O ouro recuperou após um período de fraqueza, com parte do movimento atribuída à mudança de liquidez à medida que o “trade” dos semicondutores arrefeceu. Análises anteriores de fluxos sugeriam que fundos que tinham rodado de ouro e Bitcoin para “chips” poderão ter começado a desfazer essas posições, ajudando o ouro a estabilizar mesmo com um dólar mais forte, “real yields” mais elevadas e a incerteza em torno da Fed a continuarem a pesar. A recuperação reparou algum dano técnico e ultrapassou uma resistência menor, mas continua a ser enquadrada como um ressalto, e não como uma rutura confirmada, sendo ainda necessário um acompanhamento mais amplo por parte dos preços e dos fluxos.
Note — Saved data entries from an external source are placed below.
lemma cpx_add: "cpx (P + Q) = cpx P + cpx Q"
  by (intro poly_eqI) (simp add: cpx_def coeff_map_poly)

lemma cpx_smult: "cpx (smult c P) = smult (complex_of_real c) (cpx P)"
  by (intro poly_eqI) (simp add: cpx_def coeff_map_poly)

lemma cpx_mult: "cpx (P * Q) = cpx P * cpx Q"
  by (induction P) (simp_all add: cpx_pCons cpx_add cpx_smult mult_pCons_left)

lemma cpx_sum: "cpx (sum f A) = (\<Sum>x\<in>A. cpx (f x))"
  by (induction A rule: infinite_finite_induct) (simp_all add: cpx_add)

lemma poly_cpx_of_real: "poly (cpx P) (complex_of_real x) = complex_of_real (poly P x)"
  by (induction P) (simp_all add: cpx_pCons)

lemma poly_cpx_linear: "poly (cpx [:-s, 1:]) z = z - complex_of_real s"
  by (simp add: cpx_pCons)


lemma pderiv_at_linear_factor:
  fixes H :: "'a::idom poly"
  assumes "P = [:-a, 1:] * H"
  shows "poly (pderiv P) a = poly H a"
proof -
  have "pderiv P = [:-a, 1:] * pderiv H + H * pderiv [:-a, 1:]"
    by (simp only: assms pderiv_mult)
  then show ?thesis by (simp add: pderiv_pCons)
qed

lemma simple_root_pderiv_nonzero:
  fixes P :: "'a::field_char_0 poly"
  assumes P: "P \<noteq> 0" and ord: "order a P = 1"
  shows "poly (pderiv P) a \<noteq> 0"
proof -
  have root: "poly P a = 0" using ord order_root by fastforce
  have "pderiv P \<noteq> 0"
  proof
    assume "pderiv P = 0"
    then obtain h where "P = [:h:]" using pderiv_iszero by blast
    then show False using root P by simp
  qed
  moreover have "order a (pderiv P) = 0" using order_pderiv[OF P root] ord by simp
  ultimately show ?thesis by (simp add: order_root)
qed

lemma no_root_same_sign:
  fixes G :: "real poly"
  assumes "x \<le> y" and no_root: "\<And>t. x \<le> t \<Longrightarrow> t \<le> y \<Longrightarrow> poly G t \<noteq> 0"
  shows "poly G x * poly G y > 0"
proof (rule ccontr)
  have nx: "poly G x \<noteq> 0" and ny: "poly G y \<noteq> 0" using assms by auto
  assume "\<not> ?thesis"
  then have lt: "poly G x * poly G y < 0" using nx ny
    by (metis linorder_neqE_linordered_idom mult_eq_0_iff)
  then have "x < y" using assms(1) by (cases "x = y") (auto simp: mult_less_0_iff)
  from poly_IVT[OF this lt] obtain t where "x < t" "t < y" "poly G t = 0" by blast
  then show False using no_root[of t] by auto
qed

definition consecutive_roots :: "real poly \<Rightarrow> real \<Rightarrow> real \<Rightarrow> bool" where
  "consecutive_roots P a b \<longleftrightarrow> a < b \<and> poly P a = 0 \<and> poly P b = 0 \<and>
     (\<forall>s. poly P s = 0 \<longrightarrow> s \<le> a \<or> b \<le> s)"

lemma consecutive_roots_pderiv_alternates:
  fixes P :: "real poly"
  assumes cr: "consecutive_roots P a b"
    and da: "poly (pderiv P) a \<noteq> 0" and db: "poly (pderiv P) b \<noteq> 0"
  shows "poly (pderiv P) a * poly (pderiv P) b < 0"
proof -
  have ab: "a < b" and ra: "poly P a = 0" and rb: "poly P b = 0"
    and outside: "\<And>x. a < x \<Longrightarrow> x < b \<Longrightarrow> poly P x \<noteq> 0"
    using cr by (auto simp: consecutive_roots_def)
  obtain H where H: "P = [:-a, 1:] * H" using ra poly_eq_0_iff_dvd by blast
  have "poly H b = 0" using rb ab H by simp
  then obtain G where G: "H = [:-b, 1:] * G" using poly_eq_0_iff_dvd by blast
  have P1: "P = [:-a, 1:] * ([:-b, 1:] * G)" using H G by simp
  have P2: "P = [:-b, 1:] * ([:-a, 1:] * G)" using H G by (simp add: ac_simps)
  have e1: "poly (pderiv P) a = (a - b) * poly G a" using pderiv_at_linear_factor[OF P1] by simp
  have e2: "poly (pderiv P) b = (b - a) * poly G b" using pderiv_at_linear_factor[OF P2] by simp
  have "poly G a * poly G b > 0"
  proof (rule no_root_same_sign)
    fix t assume t: "a \<le> t" "t \<le> b"
    show "poly G t \<noteq> 0"
    proof (cases "t = a \<or> t = b")
      case True then show ?thesis using e1 e2 da db by auto
    next
      case False
      then have "poly P t \<noteq> 0" using outside t by auto
      then show ?thesis using P1 by auto
    qed
  qed (use ab in auto)
  moreover have "poly (pderiv P) a * poly (pderiv P) b = ((a - b) * (b - a)) * (poly G a * poly G b)"
    by (simp add: e1 e2 algebra_simps)
  ultimately show ?thesis using ab by (simp add: mult_neg_pos)
qed

lemma simple_root_sign_change:
  fixes Q :: "real poly"
  assumes xc: "x < c" and cy: "c < y" and rc: "poly Q c = 0" and dc: "poly (pderiv Q) c \<noteq> 0"
    and only: "\<And>t. x \<le> t \<Longrightarrow> t \<le> y \<Longrightarrow> poly Q t = 0 \<Longrightarrow> t = c"
  shows "poly Q x * poly Q y < 0"
proof -
  obtain G where G: "Q = [:-c, 1:] * G" using rc poly_eq_0_iff_dvd by blast
  have Gc: "poly G c \<noteq> 0" using pderiv_at_linear_factor[OF G] dc by simp
  have "poly G x * poly G y > 0"
  proof (rule no_root_same_sign)
    fix t assume t: "x \<le> t" "t \<le> y"
    show "poly G t \<noteq> 0"
    proof
      assume Gt: "poly G t = 0"
      then have "t = c" using only t G by simp
      then show False using Gc Gt by simp
    qed
  qed (use xc cy in auto)
  moreover have "poly Q x * poly Q y = ((x - c) * (y - c)) * (poly G x * poly G y)"
    using G by (simp add: algebra_simps)
  ultimately show ?thesis using xc cy by (simp add: mult_neg_pos)
qed

lemma prod_linear_factors_dvd:
  fixes P :: "real poly"
  assumes "finite S" "\<forall>s\<in>S. poly P s = 0"
  shows "(\<Prod>s\<in>S. [:-s, 1:]) dvd P"
  using assms
proof (induction S arbitrary: P rule: finite_induct)
  case empty then show ?case by simp
next
  case (insert s S)
  then obtain P1 where P1: "P = (\<Prod>t\<in>S. [:-t, 1:]) * P1" by (meson dvdE insert_iff)
  have "poly (\<Prod>t\<in>S. [:-t, 1:]) s \<noteq> 0"
    using insert(1,2) by (auto simp: poly_prod)
  moreover have "poly P s = 0" using insert by auto
  ultimately have "poly P1 s = 0" using P1 by simp
  then obtain P2 where "P1 = [:-s, 1:] * P2" using poly_eq_0_iff_dvd by blast
  then have "P = (\<Prod>t\<in>insert s S. [:-t, 1:]) * P2"
    using P1 insert(1,2) by (simp add: ac_simps)
  then show ?case by simp
qed

definition simple_root_set :: "real poly \<Rightarrow> real set \<Rightarrow> bool" where
  "simple_root_set P S \<longleftrightarrow> finite S \<and> card S = degree P \<and>
     (\<forall>s\<in>S. poly P s = 0 \<and> poly (pderiv P) s \<noteq> 0)"

text \<open>If all real roots of \<open>P\<close> are simple and at most one is missing for \<open>P\<close> to split,
  then \<open>P\<close> splits: the missing linear factor would have a real root, which would be double.\<close>
lemma simple_roots_split:
  fixes P :: "real poly"
  assumes P0: "P \<noteq> 0" and many: "degree P \<le> card {x. poly P x = 0} + 1"
    and simple: "\<And>s. poly P s = 0 \<Longrightarrow> poly (pderiv P) s \<noteq> 0"
  shows "simple_root_set P {x. poly P x = 0}"
proof -
  define S where "S = {x. poly P x = 0}"
  have fin: "finite S" unfolding S_def using poly_roots_finite[OF P0] .
  have "card S = degree P"
  proof (rule ccontr)
    assume ne: "card S \<noteq> degree P"
    have "card S \<le> degree P" unfolding S_def using card_poly_roots_bound[OF P0] .
    with ne many have cS: "card S + 1 = degree P" unfolding S_def by linarith
    obtain g where g: "P = (\<Prod>s\<in>S. [:-s, 1:]) * g"
      using prod_linear_factors_dvd[OF fin] unfolding S_def by (auto elim: dvdE)
    have g0: "g \<noteq> 0" using g P0 by auto
    have "degree (\<Prod>s\<in>S. [:-s, 1:]) = card S"
      by (subst degree_prod_eq_sum_degree) auto
    moreover have "(\<Prod>s\<in>S. [:-s, 1:]) \<noteq> (0::real poly)" using fin by (simp add: prod_zero_iff)
    ultimately have "degree P = card S + degree g" using g g0 by (simp add: degree_mult_eq)
    then have dg: "degree g = 1" using cS by simp
    define s0 where "s0 = - coeff g 0 / coeff g 1"
    have "coeff g 1 \<noteq> 0" using dg g0 by (metis leading_coeff_0_iff)
    moreover have "poly g s0 = coeff g 0 + coeff g 1 * s0" by (simp add: poly_altdef dg)
    ultimately have gs0: "poly g s0 = 0" by (simp add: s0_def)
    have "poly P s0 = 0" by (subst g) (simp add: gs0)
    then have "s0 \<in> S" by (simp add: S_def)
    then have "(\<Prod>s\<in>S. [:-s, 1:]) = [:-s0, 1:] * (\<Prod>s\<in>S-{s0}. [:-s, 1:])"
      using fin by (simp add: prod.remove)
    then have "P = [:-s0, 1:] * ((\<Prod>s\<in>S-{s0}. [:-s, 1:]) * g)" using g by (simp add: ac_simps)
    from pderiv_at_linear_factor[OF this] have "poly (pderiv P) s0 = 0" using gs0 by simp
    then show False using simple \<open>s0 \<in> S\<close> by (auto simp: S_def)
  qed
  then show ?thesis using fin simple by (simp add: simple_root_set_def S_def)
qed


section \<open>Lagrange interpolation and partial fractions\<close>

lemma lagrange_interpolation:
  fixes P Q :: "real poly"
  assumes S: "simple_root_set P S" and dQ: "degree Q < degree P"
  shows "Q = (\<Sum>s\<in>S. smult (poly Q s / poly (pderiv P) s) (P div [:-s, 1:]))"
proof -
  have fin: "finite S" and cS: "card S = degree P"
    and rS: "\<And>s. s \<in> S \<Longrightarrow> poly P s = 0" and dS: "\<And>s. s \<in> S \<Longrightarrow> poly (pderiv P) s \<noteq> 0"
    using S by (auto simp: simple_root_set_def)
  define g where "g s = P div [:-s, 1:]" for s
  define c where "c s = poly Q s / poly (pderiv P) s" for s
  have Pg: "P = [:-s, 1:] * g s" if "s \<in> S" for s
    using rS[OF that] by (simp add: g_def poly_eq_0_iff_dvd)
  text \<open>Both sides have degree below \<open>card S\<close> and agree on \<open>S\<close>, since \<open>g s\<close> vanishes on \<open>S - {s}\<close>.\<close>
  have "Q = (\<Sum>s\<in>S. smult (c s) (g s))"
  proof (rule poly_eqI_degree[of S])
    fix t assume t: "t \<in> S"
    have gt: "poly (g s) t = 0" if "s \<in> S - {t}" for s
      using Pg[of s] rS[OF t] that by auto
    have "poly (\<Sum>s\<in>S. smult (c s) (g s)) t = c t * poly (g t) t + (\<Sum>s\<in>S-{t}. c s * poly (g s) t)"
      using fin t by (simp add: poly_sum sum.remove)
    also have "(\<Sum>s\<in>S-{t}. c s * poly (g s) t) = 0"
      using gt by (intro sum.neutral) auto
    also have "c t * poly (g t) t = poly Q t"
      using pderiv_at_linear_factor[OF Pg[OF t]] dS[OF t] by (simp add: c_def)
    finally show "poly Q t = poly (\<Sum>s\<in>S. smult (c s) (g s)) t" by simp
  next
    show "degree Q < card S" using dQ cS by simp
    have deg_term: "degree (smult (c s) (g s)) < card S" if s: "s \<in> S" for s
    proof -
      have "g s \<noteq> 0" using Pg[OF s] dQ by auto
      then have "degree P = 1 + degree (g s)" using Pg[OF s] by (simp add: degree_mult_eq)
      then show ?thesis using degree_smult_le[of "c s" "g s"] cS by linarith
    qed
    have "degree (\<Sum>s\<in>S. smult (c s) (g s)) \<le> card S - 1"
    proof (rule degree_sum_le[OF fin])
      fix s assume "s \<in> S"
      then show "degree (smult (c s) (g s)) \<le> card S - 1" using deg_term by fastforce
    qed
    then show "degree (\<Sum>s\<in>S. smult (c s) (g s)) < card S" using dQ cS by linarith
  qed
  then show ?thesis by (simp add: c_def g_def)
qed

lemma pderiv_sum: "pderiv (sum f A) = (\<Sum>x\<in>A. pderiv (f x))"
  by (induction A rule: infinite_finite_induct) (simp_all add: pderiv_add)

lemma wronskian_partial_fractions:
  fixes P Q :: "real poly"
  assumes S: "simple_root_set P S" and dQ: "degree Q < degree P"
  shows "Q * pderiv P - P * pderiv Q =
     (\<Sum>s\<in>S. smult (poly Q s / poly (pderiv P) s) ((P div [:-s, 1:])^2))"
proof -
  define g where "g s = P div [:-s, 1:]" for s
  define c where "c s = poly Q s / poly (pderiv P) s" for s
  have Pg: "P = [:-s, 1:] * g s" if "s \<in> S" for s
    using S that by (simp add: simple_root_set_def g_def poly_eq_0_iff_dvd)
  have Q: "Q = (\<Sum>s\<in>S. smult (c s) (g s))"
    using lagrange_interpolation[OF S dQ] by (simp add: c_def g_def)
  have "Q * pderiv P - P * pderiv Q = (\<Sum>s\<in>S. smult (c s) (g s * pderiv P - P * pderiv (g s)))"
  proof -
    have 1: "Q * pderiv P = (\<Sum>s\<in>S. smult (c s) (g s * pderiv P))"
      by (subst Q) (simp add: sum_distrib_right)
    have 2: "P * pderiv Q = (\<Sum>s\<in>S. smult (c s) (P * pderiv (g s)))"
      by (subst Q) (simp add: pderiv_sum pderiv_smult sum_distrib_left)
    show ?thesis unfolding 1 2 by (simp add: sum_subtractf[symmetric] smult_diff_right)
  qed
  also have "\<dots> = (\<Sum>s\<in>S. smult (c s) ((g s)^2))"
  proof (rule sum.cong[OF refl])
    fix s assume s: "s \<in> S"
    have "pderiv P = [:-s, 1:] * pderiv (g s) + g s"
      by (subst Pg[OF s]) (simp add: pderiv_mult pderiv_pCons)
    then have "g s * pderiv P - P * pderiv (g s) = (g s)^2"
      by (subst (2) Pg[OF s]) (simp add: algebra_simps power2_eq_square)
    then show "smult (c s) (g s * pderiv P - P * pderiv (g s)) = smult (c s) ((g s)^2)" by simp
  qed
  finally show ?thesis by (simp add: c_def g_def)
qed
As compras dos bancos centrais têm proporcionado uma procura subjacente que limitou quedas mais acentuadas. A Goldman Sachs Global Investment Research estimou compras oficiais de 81 toneladas em maio; o ritmo ajustado sazonalmente a três meses foi de 67 toneladas por mês, quase quatro vezes a média pré-2022, com a China como o maior comprador identificável. Essa procura sustenta a previsão da Goldman de 4.900 dólares/onça para o final de 2026 e ajuda a explicar porque é que as correções podem comportar-se de forma diferente, mesmo que persistam as vendas de ETF e os desfazimentos de posições em futuros alavancados. Do ponto de vista técnico, o principal teto referido é a média móvel de 200 dias nos 4.505–4.510 dólares/onça.
Cautela Construtiva E Níveis Técnicos
Devemos abordar o mercado do ouro com cautela construtiva nas próximas semanas, à medida que o metal estabiliza mas enfrenta testes técnicos cruciais. Embora o recente ressalto tenha reparado algum dano técnico de curto prazo, os “traders” de derivados devem aguardar por uma rutura clara antes de assumirem posições longas agressivas. O forte “rally” em IA e semicondutores começou a perder força, levando capital a regressar a ativos macro defensivos, como o ouro.
Apoio Dos Bancos Centrais E Estratégias Com Opções
Estamos a observar um piso estrutural claro no ouro, fortemente apoiado pela acumulação persistente por parte dos bancos centrais. De acordo com dados recentes do World Gold Council, as compras líquidas do setor oficial têm ultrapassado consistentemente as 1.000 toneladas anuais, uma tendência que acelerou rapidamente após o congelamento das reservas externas da Rússia. Este amortecedor de compras institucionais incessantes significa que as correções em baixa deverão ser mais superficiais e de menor duração do que em ciclos anteriores.
Para os “traders” de opções, o foco imediato deve estar no principal teto de resistência situado entre 4.505 e 4.510 dólares por onça. Recomendamos a utilização de estratégias de risco definido, como “bull call spreads”, para captar o potencial de subida se este nível-chave for rompido. Em contrapartida, a venda de “puts” abaixo dos níveis de suporte associados às compras dos bancos centrais oferece uma forma de elevada probabilidade de gerar rendimento enquanto o mercado consolida.